Fig 1.
Schematic example of Precision and Recall calculation.
Real source locations are represented by “X” marks. Red shading represents a hypothetical source reconstruction. (a) If an algorithm designates a large area as active, it is likely to find all sources, but the Precision of the reconstruction will be low. (b) If an algorithm is more conservative, Precision is high, but Recall is low as not all sources are found.
Fig 2.
An example of Precision (blue) and Recall (red) plotted against strength threshold, for the sLORETA algorithm and 2 simulated sources.
The picture of the cortex on the left indicates what imposing a low (5%) strength threshold on the CSD result looks like, with widespread activity. The cortex on the right indicates what imposing a high strength threshold (95%) looks like, with sparse activity.
Fig 3.
Precision vs. Recall of each of the source localization algorithms (MNLS, sLORETA, LORETA 1, 1.5 and 2) for (a) one, (b) two, (c) three and (d) four simulated sources.

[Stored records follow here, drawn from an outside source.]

lemma card_non_isolated_part_le:
  assumes "irredundant n S" "n > 0"
  shows "card {v \<in> S. v \<in> cnbhd_set n (S - {v})} \<le> 4 ^ card (prime_factors n)"
proof -
  define B where "B = {v \<in> S. v \<in> cnbhd_set n (S - {v})}"
  define P where "P = prime_factors n"
  have "\<forall>v\<in>B. \<exists>w. w \<in> cnbhd n v - cnbhd_set n (S - {v})"
    using assms(1) by (auto simp: B_def irredundant_def)
  then obtain u where u: "\<And>v. v \<in> B \<Longrightarrow> u v \<in> cnbhd n v - cnbhd_set n (S - {v})"
    by metis
  have adjacent: "Xadj n (u v) v" if "v \<in> B" for v
    using u[OF that] that by (auto simp: B_def cnbhd_def)
  have not_adjacent: "\<not> Xadj n (u v) w" if "v \<in> B" "w \<in> S" "w \<noteq> v" for v w
    using u[OF that(1)] that by (auto simp: cnbhd_def cnbhd_set_def)
  have "card B \<le> 4 ^ card P"
  \<comment> \<open>Vertex \<open>x\<close> is coded by the pairs \<open>(p, x mod p)\<close>; adjacency means disjoint codes.\<close>
  proof (rule card_le_four_pow_if_skew_cross_intersecting
      [where a = "\<lambda>v. (\<lambda>p. (p, v mod p)) ` P" and b = "\<lambda>v. (\<lambda>p. (p, u v mod p)) ` P"])
    show "finite B"
      using assms(1) finite_subset[of S "{0..<n}"] by (auto simp: B_def irredundant_def Xverts_def)
    show "finite ((\<lambda>p. (p, v mod p)) ` P) \<and> finite ((\<lambda>p. (p, u v mod p)) ` P)" for v
      by (simp add: P_def)
    show "card ((\<lambda>p. (p, v mod p)) ` P) \<le> card P \<and> card ((\<lambda>p. (p, u v mod p)) ` P) \<le> card P" for v
      by (simp add: card_image_le P_def)
    show "(\<lambda>p. (p, v mod p)) ` P \<inter> (\<lambda>p. (p, u v mod p)) ` P = {}" if "v \<in> B" for v
      using adjacent[OF that] assms(2) by (auto simp: P_def Xadj_iff_mod_prime_factors)
    show "(\<lambda>p. (p, w mod p)) ` P \<inter> (\<lambda>p. (p, u v mod p)) ` P \<noteq> {}"
      if "v \<in> B" "w \<in> B" "v \<noteq> w" for v w
      using not_adjacent[of v w] that assms(2) by (auto simp: P_def B_def Xadj_iff_mod_prime_factors)
  qed
  then show ?thesis
    by (simp add: B_def P_def)
qed

lemma IR_le_alpha_add:
  assumes "n > 0"
  shows "IR n \<le> alpha n + 4 ^ card (prime_factors n)"
proof -
  obtain S where S: "irredundant n S" "card S = IR n"
    using IR_attained by blast
  have "finite S"
    using S(1) finite_subset[of S "{0..<n}"] by (auto simp: irredundant_def Xverts_def)
  then have "card S = card {v \<in> S. v \<notin> cnbhd_set n (S - {v})}
                   + card {v \<in> S. v \<in> cnbhd_set n (S - {v})}"
    by (subst card_Un_disjoint[symmetric]) (auto intro: arg_cong[where f = card])
  also have "\<dots> \<le> alpha n + 4 ^ card (prime_factors n)"
    using S(1) assms
    by (intro add_mono card_le_alpha independent_isolated_part card_non_isolated_part_le)
       (auto simp: irredundant_def)
  finally show ?thesis
    using S(2) by simp
qed

lemma four_pow_card_prime_factors_le_sqrt:
  assumes "n > 0"
  shows "4 ^ card (prime_factors n) \<le> 4 ^ 16 * sqrt (real n)"
proof -
  have "(4 ^ card (prime_factors n)) ^ 2 = real (16 ^ card (prime_factors n))"
    by (simp flip: power_mult add: mult.commute[of _ 2] power_mult)
  also have "\<dots> \<le> real (16 ^ 16 * n)"
    using pow_card_prime_factors_le[OF assms] by (simp only: of_nat_le_iff)
  also have "\<dots> = (4 ^ 16 * sqrt (real n)) ^ 2"
    by (simp add: power_mult_distrib)
  finally show ?thesis
    by (rule power2_le_imp_le) simp
qed

lemma IR_div_alpha_bounds:
  assumes "n \<in> D r" "n > 0"
  shows "1 \<le> real (IR n) / real (alpha n)"
    and "real (IR n) / real (alpha n) \<le> 1 + 4 ^ 16 * real r / sqrt (real n)"
proof -
  have "n \<le> r * alpha n"
    using le_mult_alpha_if_in_D[OF assms(1)] .
  then have "0 < r * alpha n"
    using assms(2) by linarith
  with \<open>n \<le> r * alpha n\<close> have "real n \<le> real r * real (alpha n)"
    and alpha_pos: "real (alpha n) > 0" and r_pos: "real r > 0"
    by (simp_all flip: of_nat_mult)
  show "1 \<le> real (IR n) / real (alpha n)"
    using alpha_le_IR[of n] alpha_pos by simp
  have "real (IR n) \<le> real (alpha n) + 4 ^ card (prime_factors n)"
    using IR_le_alpha_add[OF assms(2)] by (metis of_nat_add of_nat_le_iff of_nat_numeral of_nat_power)
  then have "real (IR n) / real (alpha n) \<le> 1 + 4 ^ card (prime_factors n) / real (alpha n)"
    using alpha_pos by (simp add: field_simps)
  also have "4 ^ card (prime_factors n) / real (alpha n) \<le> 4 ^ 16 * sqrt (real n) / (real n / real r)"
    using four_pow_card_prime_factors_le_sqrt[OF assms(2)] \<open>real n \<le> real r * real (alpha n)\<close> assms(2) r_pos
    by (intro frac_le) (auto simp: field_simps)
  also have "4 ^ 16 * sqrt (real n) / (real n / real r) = 4 ^ 16 * real r / sqrt (real n)"
    using assms(2) by (simp add: field_simps real_sqrt_mult[symmetric])
  finally show "real (IR n) / real (alpha n) \<le> 1 + 4 ^ 16 * real r / sqrt (real n)"
    by simp
qed

theorem corollary5p6:
  fixes r :: nat
  assumes "r \<ge> 2"
  shows "((\<lambda>n. real (IR n) / real (alpha n)) \<longlongrightarrow> 1) (inf at_top (principal (D r)))"
proof (rule tendsto_sandwich[of "\<lambda>n. 1" _ _ "\<lambda>n. 1 + 4 ^ 16 * real r / sqrt (real n)"])
  have in_D: "\<forall>\<^sub>F n in inf at_top (principal (D r)). n \<in> D r \<and> n > 0"
    unfolding eventually_inf_principal eventually_at_top_linorder by (auto intro!: exI[of _ 1])
  show "\<forall>\<^sub>F n in inf at_top (principal (D r)). 1 \<le> real (IR n) / real (alpha n)"
    by (rule eventually_mono[OF in_D]) (use IR_div_alpha_bounds(1) in blast)
  show "\<forall>\<^sub>F n in inf at_top (principal (D r)).
          real (IR n) / real (alpha n) \<le> 1 + 4 ^ 16 * real r / sqrt (real n)"
    by (rule eventually_mono[OF in_D]) (use IR_div_alpha_bounds(2) in blast)
  have "filterlim (\<lambda>n. sqrt (real n)) at_top at_top"
    by (rule filterlim_compose[OF sqrt_at_top filterlim_real_sequentially])
  then have "((\<lambda>n. 1 + 4 ^ 16 * real r / sqrt (real n)) \<longlongrightarrow> 1 + 0) at_top"
    by (intro tendsto_add tendsto_const tendsto_divide_0[OF tendsto_const] filterlim_at_top_imp_at_infinity)
  then show "((\<lambda>n. 1 + 4 ^ 16 * real r / sqrt (real n)) \<longlongrightarrow> 1) (inf at_top (principal (D r)))"
    by (auto intro: tendsto_mono[rotated])
qed (simp)

end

Each point indicates the Precision and Recall for a different strength threshold. For one source (a) sLORETA simultaneously has Precision and Recall values of close to 1, indicating perfect performance, while other algorithms have lower peak Precision. For two sources (b) all algorithms reach peak Precision only when Recall has been reduced to about 0.5, and peak Recall is reached only when Precision has dropped below 0.3. For three sources (c) LORETA 1.5 has higher Recall for many Precision values than other algorithms, LORETA 1 has lower peak Precision, while all other algorithms follow a similar pattern, with high Precision that drops off steeply with increasing Recall. For four sources (d) while peak Precision is still high for most algorithms, Recall drops slightly.
Fig 4.
Area under the Precision vs. Recall (PR) curve for each of the algorithms tested vs. the number of sources in the simulation.
The area under the PR curve serves as a summary of the overall performance of the algorithm. Note that while sLORETA is clearly the best algorithm when there is only one source present, its performance drops off as the number of sources increases. The performance of all the other algorithms appears steady for 1–4 sources, as Precision increases slightly for these algorithms while Recall drops.
Table 1.
Results of Friedman test of statistical significance of differences in AUC.
Fig 5.
Precision vs. Recall curves for two sources with varying strength ratios: (a) two sources with the same strength (b) two sources, one with twice the strength as the other (c) two sources, one with three times the strength as the other (d) two sources, one with four times the strength as the other.
Note that while sLORETA has highest peak Precision for all strength ratios, Precision also drops off more steeply with increasing Recall for this algorithm. This pattern is emphasized as the strength ratio increases. All other algorithms have similar performance to each other, with slightly decreasing Precision and Recall as the strength ratio of the sources increases.
Fig 6.
Area under the Precision vs. Recall curve for each of the algorithms tested vs. strength ratio.
As a summary of the performance of the algorithm, the area under the curve decrease slightly for all algorithms as the strength ratio of the sources increases.